### EXERCISE GOAL
Repeat precisely the span of lines below that opens with the line containing "(LEAST n. \<exists>B." and closes with the line containing "complement \<open>R\<close> of", both included.

### DATASET RECORDS

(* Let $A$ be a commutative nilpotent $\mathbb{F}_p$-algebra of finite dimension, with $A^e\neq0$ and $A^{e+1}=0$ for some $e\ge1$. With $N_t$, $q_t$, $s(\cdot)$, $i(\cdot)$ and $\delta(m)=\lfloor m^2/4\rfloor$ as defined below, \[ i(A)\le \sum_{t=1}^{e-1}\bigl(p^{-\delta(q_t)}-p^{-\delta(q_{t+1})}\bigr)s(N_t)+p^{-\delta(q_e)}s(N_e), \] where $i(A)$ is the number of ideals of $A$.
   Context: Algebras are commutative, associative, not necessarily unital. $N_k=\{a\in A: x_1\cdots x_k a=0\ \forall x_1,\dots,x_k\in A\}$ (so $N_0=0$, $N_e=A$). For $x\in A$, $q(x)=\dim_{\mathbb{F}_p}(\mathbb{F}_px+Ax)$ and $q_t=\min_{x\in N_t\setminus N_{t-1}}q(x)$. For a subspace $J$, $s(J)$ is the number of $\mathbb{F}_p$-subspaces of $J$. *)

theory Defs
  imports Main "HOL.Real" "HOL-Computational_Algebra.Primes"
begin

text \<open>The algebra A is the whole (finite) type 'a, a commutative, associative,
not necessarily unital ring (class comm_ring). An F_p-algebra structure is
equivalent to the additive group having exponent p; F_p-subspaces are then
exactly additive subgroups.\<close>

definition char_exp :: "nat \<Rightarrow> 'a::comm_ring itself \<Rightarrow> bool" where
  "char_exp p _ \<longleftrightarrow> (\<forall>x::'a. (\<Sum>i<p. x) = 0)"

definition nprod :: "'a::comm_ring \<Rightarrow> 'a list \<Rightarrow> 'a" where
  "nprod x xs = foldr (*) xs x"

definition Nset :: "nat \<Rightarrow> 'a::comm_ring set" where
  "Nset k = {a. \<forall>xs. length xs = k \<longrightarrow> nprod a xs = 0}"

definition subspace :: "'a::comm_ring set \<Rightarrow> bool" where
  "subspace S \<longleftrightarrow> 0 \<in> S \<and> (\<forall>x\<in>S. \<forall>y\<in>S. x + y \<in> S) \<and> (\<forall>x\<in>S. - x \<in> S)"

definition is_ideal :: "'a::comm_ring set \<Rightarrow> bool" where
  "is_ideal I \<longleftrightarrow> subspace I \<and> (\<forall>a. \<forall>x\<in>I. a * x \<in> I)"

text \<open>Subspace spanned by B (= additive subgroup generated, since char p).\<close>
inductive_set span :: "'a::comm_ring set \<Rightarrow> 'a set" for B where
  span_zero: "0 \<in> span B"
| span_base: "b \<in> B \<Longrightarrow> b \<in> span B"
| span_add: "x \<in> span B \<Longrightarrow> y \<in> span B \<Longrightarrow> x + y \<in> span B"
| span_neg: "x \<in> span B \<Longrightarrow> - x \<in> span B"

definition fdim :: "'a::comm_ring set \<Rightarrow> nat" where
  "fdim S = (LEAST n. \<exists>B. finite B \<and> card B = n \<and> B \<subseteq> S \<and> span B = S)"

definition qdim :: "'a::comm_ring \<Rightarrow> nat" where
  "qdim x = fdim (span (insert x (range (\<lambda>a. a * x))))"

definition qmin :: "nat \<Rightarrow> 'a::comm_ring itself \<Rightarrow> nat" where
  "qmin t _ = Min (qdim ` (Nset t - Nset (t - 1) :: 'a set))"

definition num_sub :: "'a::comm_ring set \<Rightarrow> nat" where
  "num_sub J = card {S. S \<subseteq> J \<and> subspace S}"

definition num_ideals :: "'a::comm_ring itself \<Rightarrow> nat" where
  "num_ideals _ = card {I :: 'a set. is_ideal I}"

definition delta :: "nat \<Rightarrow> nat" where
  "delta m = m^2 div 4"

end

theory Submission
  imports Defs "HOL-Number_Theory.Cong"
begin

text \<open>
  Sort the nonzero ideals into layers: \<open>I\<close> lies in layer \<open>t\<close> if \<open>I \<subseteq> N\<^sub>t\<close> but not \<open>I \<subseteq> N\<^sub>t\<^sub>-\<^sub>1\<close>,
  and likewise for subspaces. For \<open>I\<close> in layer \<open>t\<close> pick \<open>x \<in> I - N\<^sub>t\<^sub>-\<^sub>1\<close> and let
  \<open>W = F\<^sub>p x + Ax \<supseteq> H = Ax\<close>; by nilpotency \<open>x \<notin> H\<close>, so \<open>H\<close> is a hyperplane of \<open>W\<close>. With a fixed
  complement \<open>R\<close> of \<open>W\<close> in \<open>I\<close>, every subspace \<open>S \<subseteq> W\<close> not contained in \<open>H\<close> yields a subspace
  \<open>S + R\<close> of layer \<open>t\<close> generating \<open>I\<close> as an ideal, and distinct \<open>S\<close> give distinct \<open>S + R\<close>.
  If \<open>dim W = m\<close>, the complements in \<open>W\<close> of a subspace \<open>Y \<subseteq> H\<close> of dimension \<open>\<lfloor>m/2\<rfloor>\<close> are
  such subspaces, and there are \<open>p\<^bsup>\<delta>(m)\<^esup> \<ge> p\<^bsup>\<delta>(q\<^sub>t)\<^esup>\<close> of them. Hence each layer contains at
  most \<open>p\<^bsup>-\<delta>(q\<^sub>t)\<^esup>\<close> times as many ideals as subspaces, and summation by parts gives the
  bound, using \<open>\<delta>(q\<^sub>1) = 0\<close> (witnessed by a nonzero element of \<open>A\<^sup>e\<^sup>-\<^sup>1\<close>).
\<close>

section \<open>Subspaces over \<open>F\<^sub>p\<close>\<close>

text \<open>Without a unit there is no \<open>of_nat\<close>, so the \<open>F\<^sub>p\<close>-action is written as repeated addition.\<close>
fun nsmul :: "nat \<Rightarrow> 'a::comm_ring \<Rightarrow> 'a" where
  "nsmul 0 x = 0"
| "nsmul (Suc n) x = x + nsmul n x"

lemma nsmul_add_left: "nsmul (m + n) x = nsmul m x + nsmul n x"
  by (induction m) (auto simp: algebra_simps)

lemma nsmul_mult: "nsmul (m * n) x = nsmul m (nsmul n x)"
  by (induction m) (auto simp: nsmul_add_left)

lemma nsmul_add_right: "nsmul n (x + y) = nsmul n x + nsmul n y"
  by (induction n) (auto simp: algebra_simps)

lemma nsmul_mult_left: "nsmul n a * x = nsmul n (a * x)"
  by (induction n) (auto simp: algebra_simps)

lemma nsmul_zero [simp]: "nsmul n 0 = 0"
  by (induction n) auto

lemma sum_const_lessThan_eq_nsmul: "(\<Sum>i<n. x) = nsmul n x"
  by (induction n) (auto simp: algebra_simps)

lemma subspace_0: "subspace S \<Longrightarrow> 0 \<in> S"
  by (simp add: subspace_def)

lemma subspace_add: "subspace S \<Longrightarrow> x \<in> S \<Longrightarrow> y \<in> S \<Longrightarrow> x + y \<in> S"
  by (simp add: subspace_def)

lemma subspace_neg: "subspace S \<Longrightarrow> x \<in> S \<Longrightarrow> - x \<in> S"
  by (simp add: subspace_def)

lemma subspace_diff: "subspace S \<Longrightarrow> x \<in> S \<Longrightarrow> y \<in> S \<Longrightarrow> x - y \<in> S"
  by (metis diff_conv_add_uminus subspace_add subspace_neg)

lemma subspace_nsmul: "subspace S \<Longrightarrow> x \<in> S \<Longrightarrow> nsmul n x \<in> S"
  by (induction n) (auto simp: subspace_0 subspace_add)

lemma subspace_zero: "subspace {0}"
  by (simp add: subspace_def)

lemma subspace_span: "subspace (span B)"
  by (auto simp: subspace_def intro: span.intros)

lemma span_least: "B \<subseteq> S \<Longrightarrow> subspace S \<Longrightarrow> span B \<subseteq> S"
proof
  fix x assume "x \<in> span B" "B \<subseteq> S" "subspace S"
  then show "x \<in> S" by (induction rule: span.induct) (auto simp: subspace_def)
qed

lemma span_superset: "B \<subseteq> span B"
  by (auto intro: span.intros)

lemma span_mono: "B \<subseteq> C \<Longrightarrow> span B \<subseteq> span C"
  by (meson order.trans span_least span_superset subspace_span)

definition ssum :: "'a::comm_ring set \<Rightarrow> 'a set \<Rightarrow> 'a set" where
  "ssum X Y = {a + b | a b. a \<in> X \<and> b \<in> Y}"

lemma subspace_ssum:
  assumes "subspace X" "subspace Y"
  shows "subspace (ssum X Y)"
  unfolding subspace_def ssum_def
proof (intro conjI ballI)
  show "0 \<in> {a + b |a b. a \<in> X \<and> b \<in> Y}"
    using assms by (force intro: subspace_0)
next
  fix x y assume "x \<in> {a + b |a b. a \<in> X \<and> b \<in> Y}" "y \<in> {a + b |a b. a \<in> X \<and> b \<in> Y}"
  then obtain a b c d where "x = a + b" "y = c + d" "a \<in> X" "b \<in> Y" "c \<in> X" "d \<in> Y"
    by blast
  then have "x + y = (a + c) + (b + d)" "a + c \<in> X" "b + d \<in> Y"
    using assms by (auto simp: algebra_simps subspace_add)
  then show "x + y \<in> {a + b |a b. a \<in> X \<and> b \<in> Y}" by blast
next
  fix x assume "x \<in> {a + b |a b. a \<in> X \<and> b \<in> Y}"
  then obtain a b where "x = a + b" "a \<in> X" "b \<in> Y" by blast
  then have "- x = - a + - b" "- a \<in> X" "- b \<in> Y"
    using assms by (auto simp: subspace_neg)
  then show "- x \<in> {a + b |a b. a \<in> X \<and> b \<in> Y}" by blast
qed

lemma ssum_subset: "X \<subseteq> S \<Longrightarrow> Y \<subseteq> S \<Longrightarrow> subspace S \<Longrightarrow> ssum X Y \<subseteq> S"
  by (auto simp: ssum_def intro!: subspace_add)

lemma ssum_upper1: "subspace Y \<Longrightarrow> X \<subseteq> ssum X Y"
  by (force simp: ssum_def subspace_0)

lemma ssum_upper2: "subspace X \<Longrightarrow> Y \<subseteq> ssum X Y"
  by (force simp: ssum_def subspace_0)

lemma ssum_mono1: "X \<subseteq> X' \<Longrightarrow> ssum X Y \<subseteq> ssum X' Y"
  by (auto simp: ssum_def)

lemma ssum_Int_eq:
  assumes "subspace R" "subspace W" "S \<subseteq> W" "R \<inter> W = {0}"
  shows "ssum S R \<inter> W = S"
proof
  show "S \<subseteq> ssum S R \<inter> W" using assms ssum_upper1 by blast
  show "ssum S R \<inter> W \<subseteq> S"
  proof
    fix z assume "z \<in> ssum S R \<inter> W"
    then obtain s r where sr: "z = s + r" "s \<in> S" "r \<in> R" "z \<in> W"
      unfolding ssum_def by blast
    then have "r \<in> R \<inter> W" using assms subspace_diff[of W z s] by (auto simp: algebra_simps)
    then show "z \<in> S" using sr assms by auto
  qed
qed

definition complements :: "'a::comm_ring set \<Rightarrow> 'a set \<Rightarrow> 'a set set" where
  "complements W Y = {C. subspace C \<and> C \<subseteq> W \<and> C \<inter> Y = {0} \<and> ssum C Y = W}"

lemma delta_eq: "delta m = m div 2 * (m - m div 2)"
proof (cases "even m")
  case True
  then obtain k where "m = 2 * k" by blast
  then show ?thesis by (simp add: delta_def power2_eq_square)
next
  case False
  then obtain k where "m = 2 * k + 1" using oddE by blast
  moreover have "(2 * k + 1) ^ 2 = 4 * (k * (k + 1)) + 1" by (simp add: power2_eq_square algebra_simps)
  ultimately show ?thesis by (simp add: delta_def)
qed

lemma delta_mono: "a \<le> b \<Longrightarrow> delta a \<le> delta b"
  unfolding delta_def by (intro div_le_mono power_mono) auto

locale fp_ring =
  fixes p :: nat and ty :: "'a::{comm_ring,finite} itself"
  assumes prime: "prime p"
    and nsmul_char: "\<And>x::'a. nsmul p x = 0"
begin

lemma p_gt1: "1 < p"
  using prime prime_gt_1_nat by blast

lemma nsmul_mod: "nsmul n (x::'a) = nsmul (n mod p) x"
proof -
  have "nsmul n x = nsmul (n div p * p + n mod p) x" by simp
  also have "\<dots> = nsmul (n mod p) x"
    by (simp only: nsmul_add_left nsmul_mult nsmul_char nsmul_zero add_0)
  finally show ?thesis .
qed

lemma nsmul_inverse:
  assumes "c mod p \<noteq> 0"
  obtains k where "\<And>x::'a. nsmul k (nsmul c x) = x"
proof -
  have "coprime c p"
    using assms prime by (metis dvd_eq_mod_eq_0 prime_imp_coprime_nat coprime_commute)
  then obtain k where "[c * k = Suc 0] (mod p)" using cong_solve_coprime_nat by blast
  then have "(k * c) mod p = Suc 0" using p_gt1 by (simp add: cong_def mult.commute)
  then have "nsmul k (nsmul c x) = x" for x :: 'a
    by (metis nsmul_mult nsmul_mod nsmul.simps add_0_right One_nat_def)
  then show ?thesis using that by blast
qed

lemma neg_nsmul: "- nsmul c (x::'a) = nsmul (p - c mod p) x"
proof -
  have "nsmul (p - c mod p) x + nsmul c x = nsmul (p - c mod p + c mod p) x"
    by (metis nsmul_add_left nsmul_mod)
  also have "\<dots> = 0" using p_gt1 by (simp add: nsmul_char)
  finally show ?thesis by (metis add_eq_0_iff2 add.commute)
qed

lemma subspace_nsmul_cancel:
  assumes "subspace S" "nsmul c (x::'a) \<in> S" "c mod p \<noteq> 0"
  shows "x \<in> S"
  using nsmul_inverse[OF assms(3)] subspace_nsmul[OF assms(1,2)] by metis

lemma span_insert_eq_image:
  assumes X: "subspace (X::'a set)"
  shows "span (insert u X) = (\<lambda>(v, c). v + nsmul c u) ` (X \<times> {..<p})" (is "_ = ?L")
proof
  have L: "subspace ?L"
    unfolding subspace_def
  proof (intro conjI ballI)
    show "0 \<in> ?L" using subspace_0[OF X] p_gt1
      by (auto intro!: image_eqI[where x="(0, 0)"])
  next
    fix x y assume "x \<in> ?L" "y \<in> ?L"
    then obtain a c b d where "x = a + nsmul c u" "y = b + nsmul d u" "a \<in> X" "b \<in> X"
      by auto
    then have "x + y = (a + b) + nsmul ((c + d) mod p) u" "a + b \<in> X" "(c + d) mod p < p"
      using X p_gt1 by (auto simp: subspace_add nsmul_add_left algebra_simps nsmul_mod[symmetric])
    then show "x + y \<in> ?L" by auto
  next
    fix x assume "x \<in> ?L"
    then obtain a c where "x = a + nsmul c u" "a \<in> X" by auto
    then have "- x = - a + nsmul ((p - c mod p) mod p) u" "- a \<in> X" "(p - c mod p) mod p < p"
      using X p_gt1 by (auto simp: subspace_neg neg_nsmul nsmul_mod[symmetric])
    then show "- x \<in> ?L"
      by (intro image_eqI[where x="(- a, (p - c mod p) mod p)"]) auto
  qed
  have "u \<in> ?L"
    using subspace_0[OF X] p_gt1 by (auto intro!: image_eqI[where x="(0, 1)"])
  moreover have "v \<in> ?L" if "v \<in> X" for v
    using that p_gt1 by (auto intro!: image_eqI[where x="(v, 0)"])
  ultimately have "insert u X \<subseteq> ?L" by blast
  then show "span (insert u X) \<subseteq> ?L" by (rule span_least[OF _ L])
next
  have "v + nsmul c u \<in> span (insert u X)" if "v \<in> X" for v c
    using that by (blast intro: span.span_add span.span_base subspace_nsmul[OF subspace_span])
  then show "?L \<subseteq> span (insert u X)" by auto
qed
* * *
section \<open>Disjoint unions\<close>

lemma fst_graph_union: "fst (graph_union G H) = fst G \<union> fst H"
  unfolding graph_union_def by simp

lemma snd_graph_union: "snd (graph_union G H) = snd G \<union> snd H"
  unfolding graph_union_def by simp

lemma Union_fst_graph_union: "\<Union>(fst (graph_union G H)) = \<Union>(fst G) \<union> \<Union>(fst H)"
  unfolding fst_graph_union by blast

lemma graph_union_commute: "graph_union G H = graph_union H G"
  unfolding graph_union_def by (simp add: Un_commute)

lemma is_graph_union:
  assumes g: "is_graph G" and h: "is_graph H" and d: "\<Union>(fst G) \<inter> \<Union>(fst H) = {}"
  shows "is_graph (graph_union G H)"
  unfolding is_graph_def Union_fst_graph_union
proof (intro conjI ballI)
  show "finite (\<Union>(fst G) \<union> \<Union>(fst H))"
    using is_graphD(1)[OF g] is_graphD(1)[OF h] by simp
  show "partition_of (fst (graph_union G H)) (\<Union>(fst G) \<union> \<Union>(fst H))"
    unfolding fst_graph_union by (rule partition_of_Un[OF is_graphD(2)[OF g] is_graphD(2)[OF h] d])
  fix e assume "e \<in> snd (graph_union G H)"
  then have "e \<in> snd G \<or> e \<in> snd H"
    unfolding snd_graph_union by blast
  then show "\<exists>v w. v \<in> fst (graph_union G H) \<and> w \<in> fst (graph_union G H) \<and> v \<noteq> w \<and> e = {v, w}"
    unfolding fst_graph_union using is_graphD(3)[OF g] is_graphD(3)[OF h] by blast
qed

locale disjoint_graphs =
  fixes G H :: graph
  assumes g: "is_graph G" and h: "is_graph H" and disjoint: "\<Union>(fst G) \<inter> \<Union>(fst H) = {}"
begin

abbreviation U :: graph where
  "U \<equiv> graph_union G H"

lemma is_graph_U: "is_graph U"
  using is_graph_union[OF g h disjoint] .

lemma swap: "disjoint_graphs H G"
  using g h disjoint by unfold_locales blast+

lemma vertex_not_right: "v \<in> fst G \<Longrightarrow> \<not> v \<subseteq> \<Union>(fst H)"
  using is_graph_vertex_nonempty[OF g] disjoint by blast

### ANSWER AREA
  "fdim S = (LEAST n. \<exists>B. finite B \<and> card B = n \<and> B \<subseteq> S \<and> span B = S)"

definition qdim :: "'a::comm_ring \<Rightarrow> nat" where
  "qdim x = fdim (span (insert x (range (\<lambda>a. a * x))))"

definition qmin :: "nat \<Rightarrow> 'a::comm_ring itself \<Rightarrow> nat" where
  "qmin t _ = Min (qdim ` (Nset t - Nset (t - 1) :: 'a set))"

definition num_sub :: "'a::comm_ring set \<Rightarrow> nat" where
  "num_sub J = card {S. S \<subseteq> J \<and> subspace S}"

definition num_ideals :: "'a::comm_ring itself \<Rightarrow> nat" where
  "num_ideals _ = card {I :: 'a set. is_ideal I}"

definition delta :: "nat \<Rightarrow> nat" where
  "delta m = m^2 div 4"

end

theory Submission
  imports Defs "HOL-Number_Theory.Cong"
begin

text \<open>
  Sort the nonzero ideals into layers: \<open>I\<close> lies in layer \<open>t\<close> if \<open>I \<subseteq> N\<^sub>t\<close> but not \<open>I \<subseteq> N\<^sub>t\<^sub>-\<^sub>1\<close>,
  and likewise for subspaces. For \<open>I\<close> in layer \<open>t\<close> pick \<open>x \<in> I - N\<^sub>t\<^sub>-\<^sub>1\<close> and let
  \<open>W = F\<^sub>p x + Ax \<supseteq> H = Ax\<close>; by nilpotency \<open>x \<notin> H\<close>, so \<open>H\<close> is a hyperplane of \<open>W\<close>. With a fixed
  complement \<open>R\<close> of \<open>W\<close> in \<open>I\<close>, every subspace \<open>S \<subseteq> W\<close> not contained in \<open>H\<close> yields a subspace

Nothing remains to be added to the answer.